Donald Marshall: 1953-2009

Donald Marshall (CP)

Donald Marshall (CP)

Donald Marshall, the Mi’kmaq man best known to most Canadians as having spent 11 years behind bars for a crime he did not commit, has died at the age of 55.

Donald Marshall was convicted of the murder of his acquaintance Sandy Seale in 1971 during a mugging gone wrong and sentenced to life in prison. In 1983, a witness came forward who stated that he had seen another man stab Seale. In the original “rush to justice” the police had determined that, although Roy Ebsary, the intended mugging victim had a knife, Marshall had for some unknown reason turned on Seale and murdered him. As it was later shown, Ebsary had stabbed Seale which resulted in his death.

The presiding judge at Marshall’s appeal, although overturning the original conviction, blamed Marshall for his own conviction, despite the fact that the Crown had failed to turn over evidence and reveal facts (such as contradictory information from witnesses and coerced statements) which would have cleared him and pointed to Ebsary.

It was as a result of the findings (seven volumes worth) of the 1989 Royal Commission looking into the wrongful conviction that Canada changed the rules on the disclosure of evidence. Evidence collected by both Prosecution and Defence must be shared between them. It found that Marshall had been the victim of racism and pointed to significant failures by both the Crown and the Defnece which led to his conviction.
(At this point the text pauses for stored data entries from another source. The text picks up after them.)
definition db_experiment :: "nat \<Rightarrow> real \<Rightarrow> real \<Rightarrow> nat \<Rightarrow> (nat set set \<times> nat set list) pmf" where
  "db_experiment n p s m = do {
     E \<leftarrow> gnp n p;
     v \<leftarrow> pmf_of_set {0..<n};
     xs \<leftarrow> db_path E n s {v} m;
     return_pmf (E, xs)
   }"

definition no_increase :: "nat \<Rightarrow> real \<Rightarrow> nat \<Rightarrow> nat set set \<times> nat set list \<Rightarrow> bool" where
  "no_increase n p m = (\<lambda>(E, xs). \<forall>i < m.
      card (nbhd E (xs ! Suc i) \<inter> S0 E n p) \<le> card (nbhd E (xs ! i) \<inter> S0 E n p))"

end

(* Each iteration changes the mutant set X by a single vertex, and a vertex can only become
   a mutant if it has a mutant neighbour; hence after i iterations X lies in the ball of radius i
   around the initial mutant v, and N(X) \<inter> S_0 can only grow if S_0 meets the ball of radius
   m + 1 around v (m = \<lfloor>\<omega>_0^(3/4)\<rfloor>). By symmetry of
   distances, at most |S_0| (\<Delta> + 1)^(m+1) vertices v have this property. Degrees in G(n,p)
   are Bin(n - 1, p), so Chernoff bounds give \<Delta> \<le> 2np + 2 log n except with probability
   1/n and E|S_0| = O(n^(3/5)), while (\<Delta> + 1)^(m+1) = exp(O((log n)^(3/4) log log n)). *)

theory Submission
  imports Defs "HOL-Real_Asymp.Real_Asymp"
begin

lemma nbrs_sym: "u \<in> nbrs E v \<longleftrightarrow> v \<in> nbrs E u"
  unfolding nbrs_def by (auto simp: insert_commute)

definition closed_nbhd :: "nat set set \<Rightarrow> nat set \<Rightarrow> nat set" where
  "closed_nbhd E X = X \<union> \<Union>(nbrs E ` X)"

fun ball :: "nat set set \<Rightarrow> nat \<Rightarrow> nat \<Rightarrow> nat set" where
  "ball E v 0 = {v}"
| "ball E v (Suc k) = closed_nbhd E (ball E v k)"

lemma ball_mono: "k \<le> l \<Longrightarrow> ball E v k \<subseteq> ball E v l"
proof (induction l)
  case (Suc l)
  then show ?case by (cases "k = Suc l") (auto simp: closed_nbhd_def)
qed simp

lemma ball_subset_ball_Suc_nbr: "u \<in> nbrs E x \<Longrightarrow> ball E u k \<subseteq> ball E x (Suc k)"
  by (induction k) (auto simp: closed_nbhd_def simp del: ball.simps(2)
      simp add: ball.simps(2)[of E u] ball.simps(2)[of E x])

lemma ball_sym: "x \<in> ball E v k \<Longrightarrow> v \<in> ball E x k"
proof (induction k arbitrary: x)
  case (Suc k)
  show ?case
  proof (cases "x \<in> ball E v k")
    case True
    then show ?thesis using Suc.IH ball_mono[of k "Suc k" E x] by auto
  next
    case False
    then obtain u where "u \<in> ball E v k" "x \<in> nbrs E u"
      using Suc.prems by (auto simp: closed_nbhd_def)
    then show ?thesis using Suc.IH ball_subset_ball_Suc_nbr nbrs_sym by blast
  qed
qed simp

lemma card_ball_le:
  assumes "\<And>x. finite (nbrs E x)" and "\<And>x. card (nbrs E x) \<le> D"
  shows "finite (ball E v k) \<and> card (ball E v k) \<le> (D + 1) ^ k"
proof (induction k)
  case (Suc k)
  have "card (\<Union>(nbrs E ` ball E v k)) \<le> (\<Sum>x\<in>ball E v k. card (nbrs E x))"
    using Suc by (intro card_UN_le) auto
  also have "\<dots> \<le> card (ball E v k) * D"
    using sum_mono[of "ball E v k" "\<lambda>x. card (nbrs E x)" "\<lambda>_. D"] assms by simp
  finally have "card (ball E v (Suc k)) \<le> card (ball E v k) * (D + 1)"
    using card_Un_le[of "ball E v k" "\<Union>(nbrs E ` ball E v k)"] by (simp add: closed_nbhd_def)
  also have "\<dots> \<le> (D + 1) ^ k * (D + 1)"
    using Suc by (intro mult_right_mono) auto
  finally show ?case using Suc assms by (simp add: closed_nbhd_def mult.commute)
qed simp

lemma card_near_set_le:
  assumes "\<And>x. finite (nbrs E x)" and "\<And>x. card (nbrs E x) \<le> D" and "finite S"
  shows "card {v\<in>V. S \<inter> ball E v k \<noteq> {}} \<le> card S * (D + 1) ^ k"
proof -
  have "{v\<in>V. S \<inter> ball E v k \<noteq> {}} \<subseteq> (\<Union>w\<in>S. ball E w k)"
    using ball_sym by blast
  then have "card {v\<in>V. S \<inter> ball E v k \<noteq> {}} \<le> card (\<Union>w\<in>S. ball E w k)"
    using card_ball_le[OF assms(1,2)] assms(3) by (intro card_mono) auto
  also have "\<dots> \<le> (\<Sum>w\<in>S. card (ball E w k))"
    using assms(3) by (rule card_UN_le)
  also have "\<dots> \<le> card S * (D + 1) ^ k"
    using sum_mono[of S "\<lambda>w. card (ball E w k)" "\<lambda>_. (D + 1) ^ k"] card_ball_le[OF assms(1,2)]
    by simp
  finally show ?thesis .
qed

lemma set_pmf_db_step_subset:
  assumes "Y \<in> set_pmf (db_step E n s X)"
  shows "Y \<subseteq> closed_nbhd E X"
proof -
  from assms obtain v where v: "Y \<in> set_pmf (if nbrs E v = {} then return_pmf X else
       (let m = real (card (nbrs E v \<inter> X)); r = real (card (nbrs E v - X)) in
        map_pmf (\<lambda>b. if b then insert v X else X - {v})
                (bernoulli_pmf (s * m / (s * m + r)))))"
    unfolding db_step_def by auto
  show ?thesis
  proof (cases "nbrs E v = {}")
    case False
    with v have "Y \<in> (\<lambda>b. if b then insert v X else X - {v}) ` set_pmf (bernoulli_pmf
        (s * real (card (nbrs E v \<inter> X)) / (s * real (card (nbrs E v \<inter> X)) + real (card (nbrs E v - X)))))"
      by (simp add: Let_def)
    then obtain b where b: "b \<in> set_pmf (bernoulli_pmf (s * real (card (nbrs E v \<inter> X)) /
        (s * real (card (nbrs E v \<inter> X)) + real (card (nbrs E v - X)))))"
      and Y: "Y = (if b then insert v X else X - {v})"
      by (rule imageE)
    show ?thesis
    proof (cases b)
      case True
      have "card (nbrs E v \<inter> X) \<noteq> 0"
      proof
        assume "card (nbrs E v \<inter> X) = 0"
        then show False using b True by (simp add: set_pmf_iff)
      qed
      then obtain u where "u \<in> nbrs E v" "u \<in> X" by (metis card.empty disjoint_iff)
      then show ?thesis using Y True nbrs_sym by (auto simp: closed_nbhd_def)
    qed (use Y in \<open>auto simp: closed_nbhd_def\<close>)
  qed (use v in \<open>auto simp: closed_nbhd_def\<close>)
qed

lemma set_pmf_db_iter_subset:
  assumes "Y \<in> set_pmf (db_iter E n s X)"
  shows "Y \<subseteq> closed_nbhd E X"
proof (cases "measure_pmf.prob (db_step E n s X) {Y. Y \<noteq> X} = 0")
  case True
  then show ?thesis using assms unfolding db_iter_def by (auto simp: closed_nbhd_def)
next
  case False
  then have ne: "set_pmf (db_step E n s X) \<inter> {Y. Y \<noteq> X} \<noteq> {}"
    by (simp add: measure_pmf_zero_iff)
  have "Y \<in> set_pmf (cond_pmf (db_step E n s X) {Y. Y \<noteq> X})"
    using assms False unfolding db_iter_def by simp
  then have "Y \<in> set_pmf (db_step E n s X)" using set_cond_pmf[OF ne] by blast
  then show ?thesis by (rule set_pmf_db_step_subset)
qed

lemma set_pmf_db_path:
  assumes "xs \<in> set_pmf (db_path E n s X0 m)"
  shows "length xs = Suc m \<and> xs ! 0 = X0 \<and> (\<forall>i<m. xs ! Suc i \<subseteq> closed_nbhd E (xs ! i))"
  using assms
proof (induction m arbitrary: xs)
  case (Suc m)
  from Suc.prems obtain ys Y where ys: "ys \<in> set_pmf (db_path E n s X0 m)"
    and Y: "Y \<in> set_pmf (db_iter E n s (last ys))" and xs: "xs = ys @ [Y]" by auto
  from Suc.IH[OF ys] have IH: "length ys = Suc m" "ys ! 0 = X0"
    "\<forall>i<m. ys ! Suc i \<subseteq> closed_nbhd E (ys ! i)" by auto
  have "last ys = ys ! m" using IH by (cases ys rule: rev_cases) auto
  then have "xs ! Suc i \<subseteq> closed_nbhd E (xs ! i)" if "i < Suc m" for i
    using that xs IH set_pmf_db_iter_subset[OF Y] by (cases "i = m") (simp_all add: nth_append)
  then show ?case using xs IH by (simp add: nth_append)
qed simp

lemma set_pmf_db_path_subset_ball:
  assumes "xs \<in> set_pmf (db_path E n s {v} m)" and "i \<le> m"
  shows "xs ! i \<subseteq> ball E v i"
  using assms(2)
proof (induction i)
  case (Suc i)
  then have "xs ! Suc i \<subseteq> closed_nbhd E (xs ! i)" using set_pmf_db_path[OF assms(1)] by simp
  also have "\<dots> \<subseteq> closed_nbhd E (ball E v i)" using Suc by (auto simp: closed_nbhd_def)
  finally show ?case by simp
qed (use set_pmf_db_path[OF assms(1)] in simp)

lemma S0_meets_ball_if_not_no_increase:
  assumes "xs \<in> set_pmf (db_path E n s {v} m)" and "\<not> no_increase n p m (E, xs)"
  shows "S0 E n p \<inter> ball E v (Suc m) \<noteq> {}"
proof -
  from assms(2) obtain i where i: "i < m"
    and "card (nbhd E (xs ! Suc i) \<inter> S0 E n p) > card (nbhd E (xs ! i) \<inter> S0 E n p)"
    unfolding no_increase_def by auto
  then obtain w where w: "w \<in> nbhd E (xs ! Suc i)" "w \<in> S0 E n p"
    by (metis card.empty disjoint_iff not_less0)
  then obtain y where y: "y \<in> xs ! Suc i" "w \<in> nbrs E y"
    unfolding nbhd_def nbrs_def by (auto simp: insert_commute)
  have "y \<in> ball E v (Suc i)" using set_pmf_db_path_subset_ball[OF assms(1), of "Suc i"] i y by auto
  then have "w \<in> ball E v (Suc (Suc i))" using y by (auto simp: closed_nbhd_def)
  then have "w \<in> ball E v (Suc m)" using ball_mono[of "Suc (Suc i)" "Suc m" E v] i by auto
  then show ?thesis using w by auto
qed

lemma measure_bind_pmf:
  "measure_pmf.prob (bind_pmf M f) A = measure_pmf.expectation M (\<lambda>x. measure_pmf.prob (f x) A)"
  using measurable_measure_pmf[of f] unfolding measure_pmf_bind
  by (subst measure_pmf.measure_bind[where N="count_space UNIV"]) auto

lemma map_pmf_db_path_hd: "map_pmf (\<lambda>xs. xs ! 0) (db_path E n s X0 m) = return_pmf X0"
proof -
  have "map_pmf (\<lambda>xs. xs ! 0) (db_path E n s X0 m) = map_pmf (\<lambda>_. X0) (db_path E n s X0 m)"
    using set_pmf_db_path by (intro map_pmf_cong) auto
  then show ?thesis by simp
qed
As the CBC put it “The name Donald Marshall is almost synonymous with ‘wrongful conviction’ and the fight for native justice in Canada.”

In later years, Marshall petitioned the Crown over Native fishing rights, in a case R. vs. Marshall (1999). Two landmark decisions resulted from that case. The first (R. v. Marshall, [1999] 3 S.C.R. 456) found that the right of Native fishers catching and selling of eels was valid under 1760 and 1761 treaties between the aboriginals and the colonial government, and that any licensing system or regulatory prohibitions would infringe the treaty right. The second seemed to retreat from the original finding by deciding that Natives are still subject to Canadian law.

This first finding angered non-Aboriginal fishers because they saw a bias in the law which gave Aboriginal fishers rights that they did not have (despite the fact that Aboriginal fisheries are minuscule operations compared to those operated my non-Aboriginals).

The second finding angered Native fishers because it seemed to undermine the findings of the first findings.

In 2003, Donald Marshall had a lung transplant. It was problems arising from the anti-rejection drugs that led to his death, today.

I had the pleasure of meeting Mr. Marshall in Ottawa during the National Aboriginal Day celebrations in 1998.